Data shown:
lemma mem_filter_adjoin: assumes F: "is_filter F" and a: "a \<in> A" shows "a \<in> filter_adjoin F a"
proof -
  have "tp \<in> F" using F unfolding is_filter_def by blast
  then show ?thesis unfolding filter_adjoin_def using a
    by (intro CollectI conjI bexI[of _ tp] exI[of _ 1]) (simp_all add: cj_tp tp_cj le_refl)
qed

lemma jn_cj_eq_tp: assumes a: "a \<in> A" and b: "b \<in> A" and c: "c \<in> A"
  and ab: "jn a b = tp" and ac: "jn a c = tp" shows "jn a (cj b c) = tp"
proof -
  have "tp = cj (jn a b) (jn a c)" using ab ac by (simp add: cj_tp)
  also have "\<dots> = jn (cj (jn a b) a) (cj (jn a b) c)" using a b c by (simp add: cj_jn_distrib)
  finally have e: "tp = jn (cj (jn a b) a) (cj (jn a b) c)" .
  have l1: "le (cj (jn a b) a) (jn a (cj b c))"
    using a b c by (meson cj_le2 closed jn_ge1 le_trans)
  have "cj (jn a b) c = cj c (jn a b)" using a b c by (simp add: cj_comm)
  also have "\<dots> = jn (cj c a) (cj c b)" using a b c by (simp add: cj_jn_distrib)
  also have "cj c b = cj b c" using c b by (rule cj_comm)
  finally have e2: "cj (jn a b) c = jn (cj c a) (cj b c)" .
  have "le (jn (cj c a) (cj b c)) (jn a (cj b c))"
    using a b c by (meson cj_le2 closed jn_ge1 jn_ge2 jn_lub le_trans)
  then have l2: "le (cj (jn a b) c) (jn a (cj b c))" using e2 by simp
  have "le tp (jn a (cj b c))" using l1 l2 a b c e by (metis closed jn_lub)
  then show ?thesis using a b c by (simp add: tp_le_imp_eq)
qed

lemma jn_cj_pow_eq_tp_right: assumes a: "a \<in> A" and b: "b \<in> A" and ab: "jn a b = tp" shows "jn a (cj_pow b N) = tp"
proof (induction N)
  case 0 show ?case using a by (simp add: le_iff_jn[symmetric] le_tp)
next
  case (Suc N) show ?case using jn_cj_eq_tp[OF a b _ ab Suc] b by simp
qed

lemma jn_cj_pow_eq_tp: assumes a: "a \<in> A" and b: "b \<in> A" and ab: "jn a b = tp"
  shows "jn (cj_pow a N) (cj_pow b N) = tp"
proof -
  have "jn b a = tp" using ab a b by (simp add: jn_comm)
  then have "jn b (cj_pow a N) = tp" using jn_cj_pow_eq_tp_right a b by blast
  then have "jn (cj_pow a N) b = tp" using a b by (simp add: jn_comm)
  then show ?thesis using jn_cj_pow_eq_tp_right a b by simp
qed

lemma le_of_jn_eq_tp:
  assumes f: "f \<in> A" and a: "a \<in> A" and b: "b \<in> A" and c: "c \<in> A"
    and ab: "jn a b = tp" and fa: "le (cj f a) c" and fb: "le (cj f b) c"
  shows "le f c"
proof -
  have "f = jn (cj f a) (cj f b)"
    using f a b ab by (metis cj_jn_distrib cj_tp)
  then show ?thesis
    using f a b c fa fb by (metis closed(3) jn_lub)
qed

lemma maximal_filter_adjoin_witness:
  assumes F: "is_filter F" and c: "c \<notin> F"
    and max: "\<And>G. is_filter G \<Longrightarrow> c \<notin> G \<Longrightarrow> F \<subseteq> G \<Longrightarrow> G = F"
    and a: "a \<in> A" "a \<notin> F"
  obtains f k where "f \<in> F" and "le (cj f (cj_pow a k)) c"
proof -
  have "c \<in> filter_adjoin F a"
    using max[OF is_filter_adjoin[OF F a(1)] _ filter_adjoin_superset[OF F a(1)]]
      mem_filter_adjoin[OF F a(1)] a(2) by blast
  then show ?thesis
    using that unfolding filter_adjoin_def by blast
qed

text \<open>A filter maximal among those omitting \<open>c\<close> is prime: otherwise adjoining either
  \<open>x \<rightarrow> y\<close> or \<open>y \<rightarrow> x\<close> reaches \<open>c\<close>, and prelinearity (raised to a common power) puts \<open>c\<close> in \<open>F\<close>.\<close>

lemma maximal_filter_prime:
  assumes F: "is_filter F" and c: "c \<in> A" "c \<notin> F"
    and max: "\<And>G. is_filter G \<Longrightarrow> c \<notin> G \<Longrightarrow> F \<subseteq> G \<Longrightarrow> G = F"
    and x: "x \<in> A" and y: "y \<in> A"
  shows "im x y \<in> F \<or> im y x \<in> F"
proof (rule ccontr)
  define p q where "p = im x y" and "q = im y x"
  have p: "p \<in> A" and q: "q \<in> A"
    using x y by (simp_all add: p_def q_def)
  assume "\<not> (im x y \<in> F \<or> im y x \<in> F)"
  then obtain f1 k1 f2 k2 where f1: "f1 \<in> F" "le (cj f1 (cj_pow p k1)) c"
    and f2: "f2 \<in> F" "le (cj f2 (cj_pow q k2)) c"
    using maximal_filter_adjoin_witness[OF F c(2) max p] maximal_filter_adjoin_witness[OF F c(2) max q]
    unfolding p_def q_def by metis
  have F_A: "f1 \<in> A" "f2 \<in> A"
    using F f1 f2 unfolding is_filter_def by auto
  define f k where "f = cj f1 f2" and "k = k1 + k2"
  have f: "f \<in> A"
    using F_A by (simp add: f_def)
  have "le (cj f (cj_pow p k)) (cj f1 (cj_pow p k1))"
    unfolding f_def k_def using F_A p by (simp add: cj_mono cj_le1 cj_pow_antimono)
  then have fp: "le (cj f (cj_pow p k)) c"
    using f1 f p c by (meson F_A closed cj_pow_closed le_trans)
  have "le (cj f (cj_pow q k)) (cj f2 (cj_pow q k2))"
    unfolding f_def k_def using F_A q cj_pow_antimono[of q k2 k1]
    by (simp add: cj_mono cj_le2 add.commute)
  then have fq: "le (cj f (cj_pow q k)) c"
    using f2 f q c by (meson F_A closed cj_pow_closed le_trans)
  have "jn (cj_pow p k) (cj_pow q k) = tp"
    using jn_cj_pow_eq_tp[OF p q] prelinearity[OF x y] by (simp add: p_def q_def)
  then have "le f c"
    using le_of_jn_eq_tp[OF f _ _ c(1) _ fp fq] p q by simp
  moreover have "f \<in> F"
    using F f1 f2 unfolding is_filter_def f_def by blast
  ultimately show False
    using F c unfolding is_filter_def by blast
qed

Problem details: Return each line above precisely as written.

Response:
lemma mem_filter_adjoin: assumes F: "is_filter F" and a: "a \<in> A" shows "a \<in> filter_adjoin F a"
proof -
  have "tp \<in> F" using F unfolding is_filter_def by blast
  then show ?thesis unfolding filter_adjoin_def using a
    by (intro CollectI conjI bexI[of _ tp] exI[of _ 1]) (simp_all add: cj_tp tp_cj le_refl)
qed

lemma jn_cj_eq_tp: assumes a: "a \<in> A" and b: "b \<in> A" and c: "c \<in> A"
  and ab: "jn a b = tp" and ac: "jn a c = tp" shows "jn a (cj b c) = tp"
proof -
  have "tp = cj (jn a b) (jn a c)" using ab ac by (simp add: cj_tp)
  also have "\<dots> = jn (cj (jn a b) a) (cj (jn a b) c)" using a b c by (simp add: cj_jn_distrib)
  finally have e: "tp = jn (cj (jn a b) a) (cj (jn a b) c)" .
  have l1: "le (cj (jn a b) a) (jn a (cj b c))"
    using a b c by (meson cj_le2 closed jn_ge1 le_trans)
  have "cj (jn a b) c = cj c (jn a b)" using a b c by (simp add: cj_comm)
  also have "\<dots> = jn (cj c a) (cj c b)" using a b c by (simp add: cj_jn_distrib)
  also have "cj c b = cj b c" using c b by (rule cj_comm)
  finally have e2: "cj (jn a b) c = jn (cj c a) (cj b c)" .
  have "le (jn (cj c a) (cj b c)) (jn a (cj b c))"
    using a b c by (meson cj_le2 closed jn_ge1 jn_ge2 jn_lub le_trans)
  then have l2: "le (cj (jn a b) c) (jn a (cj b c))" using e2 by simp
  have "le tp (jn a (cj b c))" using l1 l2 a b c e by (metis closed jn_lub)
  then show ?thesis using a b c by (simp add: tp_le_imp_eq)
qed

lemma jn_cj_pow_eq_tp_right: assumes a: "a \<in> A" and b: "b \<in> A" and ab: "jn a b = tp" shows "jn a (cj_pow b N) = tp"
proof (induction N)
  case 0 show ?case using a by (simp add: le_iff_jn[symmetric] le_tp)
next
  case (Suc N) show ?case using jn_cj_eq_tp[OF a b _ ab Suc] b by simp
qed

lemma jn_cj_pow_eq_tp: assumes a: "a \<in> A" and b: "b \<in> A" and ab: "jn a b = tp"
  shows "jn (cj_pow a N) (cj_pow b N) = tp"
proof -
  have "jn b a = tp" using ab a b by (simp add: jn_comm)
  then have "jn b (cj_pow a N) = tp" using jn_cj_pow_eq_tp_right a b by blast
  then have "jn (cj_pow a N) b = tp" using a b by (simp add: jn_comm)
  then show ?thesis using jn_cj_pow_eq_tp_right a b by simp
qed

lemma le_of_jn_eq_tp:
  assumes f: "f \<in> A" and a: "a \<in> A" and b: "b \<in> A" and c: "c \<in> A"
    and ab: "jn a b = tp" and fa: "le (cj f a) c" and fb: "le (cj f b) c"
  shows "le f c"
proof -
  have "f = jn (cj f a) (cj f b)"
    using f a b ab by (metis cj_jn_distrib cj_tp)
  then show ?thesis
    using f a b c fa fb by (metis closed(3) jn_lub)
qed

lemma maximal_filter_adjoin_witness:
  assumes F: "is_filter F" and c: "c \<notin> F"
    and max: "\<And>G. is_filter G \<Longrightarrow> c \<notin> G \<Longrightarrow> F \<subseteq> G \<Longrightarrow> G = F"
    and a: "a \<in> A" "a \<notin> F"
  obtains f k where "f \<in> F" and "le (cj f (cj_pow a k)) c"
proof -
  have "c \<in> filter_adjoin F a"
    using max[OF is_filter_adjoin[OF F a(1)] _ filter_adjoin_superset[OF F a(1)]]
      mem_filter_adjoin[OF F a(1)] a(2) by blast
  then show ?thesis
    using that unfolding filter_adjoin_def by blast
qed

text \<open>A filter maximal among those omitting \<open>c\<close> is prime: otherwise adjoining either
  \<open>x \<rightarrow> y\<close> or \<open>y \<rightarrow> x\<close> reaches \<open>c\<close>, and prelinearity (raised to a common power) puts \<open>c\<close> in \<open>F\<close>.\<close>

lemma maximal_filter_prime:
  assumes F: "is_filter F" and c: "c \<in> A" "c \<notin> F"
    and max: "\<And>G. is_filter G \<Longrightarrow> c \<notin> G \<Longrightarrow> F \<subseteq> G \<Longrightarrow> G = F"
    and x: "x \<in> A" and y: "y \<in> A"
  shows "im x y \<in> F \<or> im y x \<in> F"
proof (rule ccontr)
  define p q where "p = im x y" and "q = im y x"
  have p: "p \<in> A" and q: "q \<in> A"
    using x y by (simp_all add: p_def q_def)
  assume "\<not> (im x y \<in> F \<or> im y x \<in> F)"
  then obtain f1 k1 f2 k2 where f1: "f1 \<in> F" "le (cj f1 (cj_pow p k1)) c"
    and f2: "f2 \<in> F" "le (cj f2 (cj_pow q k2)) c"
    using maximal_filter_adjoin_witness[OF F c(2) max p] maximal_filter_adjoin_witness[OF F c(2) max q]
    unfolding p_def q_def by metis
  have F_A: "f1 \<in> A" "f2 \<in> A"
    using F f1 f2 unfolding is_filter_def by auto
  define f k where "f = cj f1 f2" and "k = k1 + k2"
  have f: "f \<in> A"
    using F_A by (simp add: f_def)
  have "le (cj f (cj_pow p k)) (cj f1 (cj_pow p k1))"
    unfolding f_def k_def using F_A p by (simp add: cj_mono cj_le1 cj_pow_antimono)
  then have fp: "le (cj f (cj_pow p k)) c"
    using f1 f p c by (meson F_A closed cj_pow_closed le_trans)
  have "le (cj f (cj_pow q k)) (cj f2 (cj_pow q k2))"
    unfolding f_def k_def using F_A q cj_pow_antimono[of q k2 k1]
    by (simp add: cj_mono cj_le2 add.commute)
  then have fq: "le (cj f (cj_pow q k)) c"
    using f2 f q c by (meson F_A closed cj_pow_closed le_trans)
  have "jn (cj_pow p k) (cj_pow q k) = tp"
    using jn_cj_pow_eq_tp[OF p q] prelinearity[OF x y] by (simp add: p_def q_def)
  then have "le f c"
    using le_of_jn_eq_tp[OF f _ _ c(1) _ fp fq] p q by simp
  moreover have "f \<in> F"
    using F f1 f2 unfolding is_filter_def f_def by blast
  ultimately show False
    using F c unfolding is_filter_def by blast
qed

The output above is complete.